• [What is required]:
Take the lines below beginning at the line that has "(intro abs_exp_diff_le) auto" and stopping after the line that has "by (intro mult_left_mono)", and print them exactly as they are, with no other lines.

• [Information]:
"""

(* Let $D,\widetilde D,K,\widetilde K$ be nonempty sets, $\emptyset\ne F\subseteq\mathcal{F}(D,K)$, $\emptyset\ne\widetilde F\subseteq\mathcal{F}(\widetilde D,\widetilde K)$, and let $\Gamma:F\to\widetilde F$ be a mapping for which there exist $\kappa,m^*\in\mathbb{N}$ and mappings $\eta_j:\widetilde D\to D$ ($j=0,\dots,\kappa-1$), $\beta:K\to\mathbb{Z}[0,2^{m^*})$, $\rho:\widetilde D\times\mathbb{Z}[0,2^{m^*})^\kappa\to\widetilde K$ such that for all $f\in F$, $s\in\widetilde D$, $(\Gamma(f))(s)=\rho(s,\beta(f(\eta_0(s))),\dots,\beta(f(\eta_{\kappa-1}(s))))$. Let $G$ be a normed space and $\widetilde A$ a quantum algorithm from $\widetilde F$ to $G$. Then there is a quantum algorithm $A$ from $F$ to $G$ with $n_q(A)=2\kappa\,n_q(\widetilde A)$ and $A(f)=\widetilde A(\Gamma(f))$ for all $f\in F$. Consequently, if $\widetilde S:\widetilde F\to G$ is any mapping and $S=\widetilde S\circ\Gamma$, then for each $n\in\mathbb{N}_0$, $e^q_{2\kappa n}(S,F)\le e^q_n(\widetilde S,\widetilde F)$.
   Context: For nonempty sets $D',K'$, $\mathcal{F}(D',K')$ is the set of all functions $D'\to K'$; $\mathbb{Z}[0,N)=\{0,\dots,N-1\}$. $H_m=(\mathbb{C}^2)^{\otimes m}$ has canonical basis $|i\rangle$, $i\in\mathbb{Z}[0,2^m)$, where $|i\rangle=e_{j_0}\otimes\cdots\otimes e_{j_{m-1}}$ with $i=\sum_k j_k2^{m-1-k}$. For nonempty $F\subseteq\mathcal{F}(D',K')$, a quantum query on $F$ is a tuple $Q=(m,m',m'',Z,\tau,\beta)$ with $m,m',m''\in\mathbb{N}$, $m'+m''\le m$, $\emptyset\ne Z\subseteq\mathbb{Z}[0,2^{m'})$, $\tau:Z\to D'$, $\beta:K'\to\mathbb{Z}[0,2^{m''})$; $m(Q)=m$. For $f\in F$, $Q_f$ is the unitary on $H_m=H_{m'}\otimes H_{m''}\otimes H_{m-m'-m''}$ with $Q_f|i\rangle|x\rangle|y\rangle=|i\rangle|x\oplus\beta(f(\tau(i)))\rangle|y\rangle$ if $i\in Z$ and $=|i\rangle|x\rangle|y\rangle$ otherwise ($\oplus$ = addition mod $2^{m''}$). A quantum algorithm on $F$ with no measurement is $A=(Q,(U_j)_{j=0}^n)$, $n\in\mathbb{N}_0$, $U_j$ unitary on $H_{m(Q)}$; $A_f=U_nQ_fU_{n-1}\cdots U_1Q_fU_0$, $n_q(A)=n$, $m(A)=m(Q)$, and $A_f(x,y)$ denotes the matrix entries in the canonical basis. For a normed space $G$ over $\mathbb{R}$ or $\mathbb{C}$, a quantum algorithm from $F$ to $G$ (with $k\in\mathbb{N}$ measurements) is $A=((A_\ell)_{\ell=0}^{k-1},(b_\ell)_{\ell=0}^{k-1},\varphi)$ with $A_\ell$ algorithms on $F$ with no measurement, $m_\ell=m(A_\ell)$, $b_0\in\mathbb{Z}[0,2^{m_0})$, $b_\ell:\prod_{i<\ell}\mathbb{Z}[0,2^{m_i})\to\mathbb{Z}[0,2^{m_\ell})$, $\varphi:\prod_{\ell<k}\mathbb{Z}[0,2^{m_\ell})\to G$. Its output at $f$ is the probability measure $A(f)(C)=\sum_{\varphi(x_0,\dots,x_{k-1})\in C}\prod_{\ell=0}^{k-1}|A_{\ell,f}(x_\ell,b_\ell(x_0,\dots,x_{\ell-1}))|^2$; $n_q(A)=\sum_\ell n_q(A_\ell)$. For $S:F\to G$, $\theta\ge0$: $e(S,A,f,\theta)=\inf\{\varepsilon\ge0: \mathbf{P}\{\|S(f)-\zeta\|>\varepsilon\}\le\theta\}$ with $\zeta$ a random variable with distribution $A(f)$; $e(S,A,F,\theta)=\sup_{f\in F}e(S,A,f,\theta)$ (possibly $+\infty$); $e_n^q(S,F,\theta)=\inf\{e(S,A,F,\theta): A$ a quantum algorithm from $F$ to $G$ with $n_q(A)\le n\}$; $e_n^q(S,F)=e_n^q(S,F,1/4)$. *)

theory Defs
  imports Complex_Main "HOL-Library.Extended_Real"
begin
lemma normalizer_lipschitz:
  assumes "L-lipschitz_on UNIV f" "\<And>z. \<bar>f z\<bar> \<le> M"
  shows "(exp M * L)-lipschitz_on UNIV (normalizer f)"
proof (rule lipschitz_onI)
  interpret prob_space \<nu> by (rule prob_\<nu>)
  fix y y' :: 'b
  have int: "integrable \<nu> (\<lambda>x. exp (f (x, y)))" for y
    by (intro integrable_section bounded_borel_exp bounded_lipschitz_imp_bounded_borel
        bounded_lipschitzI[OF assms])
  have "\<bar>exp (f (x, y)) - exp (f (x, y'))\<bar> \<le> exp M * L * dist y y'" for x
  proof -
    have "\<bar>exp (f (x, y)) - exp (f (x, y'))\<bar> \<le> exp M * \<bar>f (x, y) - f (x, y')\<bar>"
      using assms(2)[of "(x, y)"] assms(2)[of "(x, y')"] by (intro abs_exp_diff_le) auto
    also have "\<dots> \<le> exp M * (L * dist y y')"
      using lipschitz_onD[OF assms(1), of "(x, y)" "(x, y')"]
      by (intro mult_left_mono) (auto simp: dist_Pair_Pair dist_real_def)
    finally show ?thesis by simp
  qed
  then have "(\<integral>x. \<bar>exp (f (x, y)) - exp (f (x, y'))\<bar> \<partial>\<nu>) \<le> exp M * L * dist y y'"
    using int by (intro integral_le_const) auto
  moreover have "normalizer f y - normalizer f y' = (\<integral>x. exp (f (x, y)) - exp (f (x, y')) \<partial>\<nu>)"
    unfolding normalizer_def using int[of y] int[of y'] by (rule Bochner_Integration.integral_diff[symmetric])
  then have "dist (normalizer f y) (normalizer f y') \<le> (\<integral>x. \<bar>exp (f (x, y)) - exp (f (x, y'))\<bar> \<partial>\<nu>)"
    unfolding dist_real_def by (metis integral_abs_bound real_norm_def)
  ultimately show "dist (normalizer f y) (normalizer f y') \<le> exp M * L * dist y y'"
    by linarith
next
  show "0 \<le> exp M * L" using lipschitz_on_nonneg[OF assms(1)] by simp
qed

"""
"""

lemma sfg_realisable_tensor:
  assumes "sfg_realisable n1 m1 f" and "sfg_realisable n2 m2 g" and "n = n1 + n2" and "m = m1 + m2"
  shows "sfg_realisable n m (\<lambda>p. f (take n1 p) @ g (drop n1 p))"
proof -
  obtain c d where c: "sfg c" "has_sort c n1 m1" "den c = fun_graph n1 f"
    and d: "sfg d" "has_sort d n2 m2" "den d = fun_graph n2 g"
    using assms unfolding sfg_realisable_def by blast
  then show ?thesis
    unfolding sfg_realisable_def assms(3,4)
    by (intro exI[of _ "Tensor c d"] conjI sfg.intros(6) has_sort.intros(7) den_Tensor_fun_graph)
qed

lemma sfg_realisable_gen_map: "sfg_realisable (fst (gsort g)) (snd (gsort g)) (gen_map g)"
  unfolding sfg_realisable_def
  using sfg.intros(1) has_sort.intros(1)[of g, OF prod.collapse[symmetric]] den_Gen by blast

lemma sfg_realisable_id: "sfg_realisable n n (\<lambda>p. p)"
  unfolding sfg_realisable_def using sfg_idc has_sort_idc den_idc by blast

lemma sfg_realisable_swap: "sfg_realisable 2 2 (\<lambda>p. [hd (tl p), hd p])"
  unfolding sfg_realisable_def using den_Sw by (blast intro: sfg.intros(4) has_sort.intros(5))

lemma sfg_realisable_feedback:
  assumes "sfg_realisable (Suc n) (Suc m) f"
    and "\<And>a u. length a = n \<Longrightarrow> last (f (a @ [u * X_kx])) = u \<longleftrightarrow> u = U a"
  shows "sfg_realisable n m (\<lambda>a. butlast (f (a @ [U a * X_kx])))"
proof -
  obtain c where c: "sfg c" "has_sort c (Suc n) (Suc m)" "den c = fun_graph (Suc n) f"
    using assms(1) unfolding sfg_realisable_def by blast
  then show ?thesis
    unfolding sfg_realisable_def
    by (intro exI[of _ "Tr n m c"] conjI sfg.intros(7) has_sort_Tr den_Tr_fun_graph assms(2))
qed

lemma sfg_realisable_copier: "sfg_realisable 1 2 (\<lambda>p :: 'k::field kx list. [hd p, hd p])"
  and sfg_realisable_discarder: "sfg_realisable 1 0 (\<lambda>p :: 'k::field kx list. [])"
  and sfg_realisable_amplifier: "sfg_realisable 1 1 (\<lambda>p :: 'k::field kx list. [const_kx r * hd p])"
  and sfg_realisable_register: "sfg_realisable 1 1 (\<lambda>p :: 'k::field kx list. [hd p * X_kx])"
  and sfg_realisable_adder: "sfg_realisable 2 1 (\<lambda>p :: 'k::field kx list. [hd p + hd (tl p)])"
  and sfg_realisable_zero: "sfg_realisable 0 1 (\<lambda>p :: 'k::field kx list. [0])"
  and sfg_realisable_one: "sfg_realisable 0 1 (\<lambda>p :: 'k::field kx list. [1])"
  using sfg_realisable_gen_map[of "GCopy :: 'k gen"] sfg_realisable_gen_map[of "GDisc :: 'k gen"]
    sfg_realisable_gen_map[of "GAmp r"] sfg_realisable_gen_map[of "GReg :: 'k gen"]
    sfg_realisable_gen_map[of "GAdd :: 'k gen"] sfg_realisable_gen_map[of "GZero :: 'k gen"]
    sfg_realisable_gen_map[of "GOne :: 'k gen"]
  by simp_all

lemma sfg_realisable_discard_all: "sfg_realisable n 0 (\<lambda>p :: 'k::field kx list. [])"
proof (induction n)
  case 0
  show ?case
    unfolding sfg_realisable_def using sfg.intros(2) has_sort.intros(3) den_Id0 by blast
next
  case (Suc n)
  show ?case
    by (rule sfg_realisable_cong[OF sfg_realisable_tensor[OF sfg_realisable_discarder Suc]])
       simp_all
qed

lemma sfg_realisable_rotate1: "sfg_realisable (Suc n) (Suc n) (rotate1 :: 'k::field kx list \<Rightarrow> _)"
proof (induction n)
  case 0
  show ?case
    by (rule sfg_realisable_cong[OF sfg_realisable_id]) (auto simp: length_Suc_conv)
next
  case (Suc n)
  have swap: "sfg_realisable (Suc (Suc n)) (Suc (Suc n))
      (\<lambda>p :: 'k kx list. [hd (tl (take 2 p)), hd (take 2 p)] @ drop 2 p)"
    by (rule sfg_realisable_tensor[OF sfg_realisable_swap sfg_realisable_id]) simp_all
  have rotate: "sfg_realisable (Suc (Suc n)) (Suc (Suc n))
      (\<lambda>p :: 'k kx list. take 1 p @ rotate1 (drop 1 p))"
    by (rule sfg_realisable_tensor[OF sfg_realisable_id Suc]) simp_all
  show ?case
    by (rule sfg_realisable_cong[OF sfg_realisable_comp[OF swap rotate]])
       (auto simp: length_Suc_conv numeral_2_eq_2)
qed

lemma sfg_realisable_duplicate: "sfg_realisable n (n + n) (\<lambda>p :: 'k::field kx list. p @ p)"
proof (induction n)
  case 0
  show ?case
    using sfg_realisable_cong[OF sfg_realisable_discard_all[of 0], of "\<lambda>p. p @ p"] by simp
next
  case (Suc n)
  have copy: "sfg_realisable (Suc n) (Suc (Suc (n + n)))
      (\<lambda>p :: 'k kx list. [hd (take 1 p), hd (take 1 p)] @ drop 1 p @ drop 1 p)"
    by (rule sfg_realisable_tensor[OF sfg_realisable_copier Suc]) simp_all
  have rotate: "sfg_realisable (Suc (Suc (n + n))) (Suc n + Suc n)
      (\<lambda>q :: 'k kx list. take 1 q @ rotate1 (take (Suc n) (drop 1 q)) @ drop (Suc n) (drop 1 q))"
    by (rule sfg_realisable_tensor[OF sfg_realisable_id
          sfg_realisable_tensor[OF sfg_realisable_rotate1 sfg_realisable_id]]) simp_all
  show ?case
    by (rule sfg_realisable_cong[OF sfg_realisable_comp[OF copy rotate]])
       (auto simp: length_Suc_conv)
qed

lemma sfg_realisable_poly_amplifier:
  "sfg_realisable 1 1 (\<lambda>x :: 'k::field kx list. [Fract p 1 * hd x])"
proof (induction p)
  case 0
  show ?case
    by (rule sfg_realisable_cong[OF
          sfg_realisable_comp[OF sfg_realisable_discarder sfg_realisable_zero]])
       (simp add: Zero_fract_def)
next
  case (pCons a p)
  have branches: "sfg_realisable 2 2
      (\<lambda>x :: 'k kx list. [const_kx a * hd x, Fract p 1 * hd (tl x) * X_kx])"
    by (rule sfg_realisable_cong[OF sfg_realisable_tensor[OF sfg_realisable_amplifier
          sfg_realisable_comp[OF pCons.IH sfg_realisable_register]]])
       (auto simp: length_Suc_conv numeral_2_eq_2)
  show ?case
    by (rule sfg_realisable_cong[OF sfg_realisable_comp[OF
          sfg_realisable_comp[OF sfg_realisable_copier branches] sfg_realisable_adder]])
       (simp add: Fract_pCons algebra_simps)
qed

"""

• [Answer for the task]:
      using assms(2)[of "(x, y)"] assms(2)[of "(x, y')"] by (intro abs_exp_diff_le) auto
    also have "\<dots> \<le> exp M * (L * dist y y')"
      using lipschitz_onD[OF assms(1), of "(x, y)" "(x, y')"]
      by (intro mult_left_mono) (auto simp: dist_Pair_Pair dist_real_def)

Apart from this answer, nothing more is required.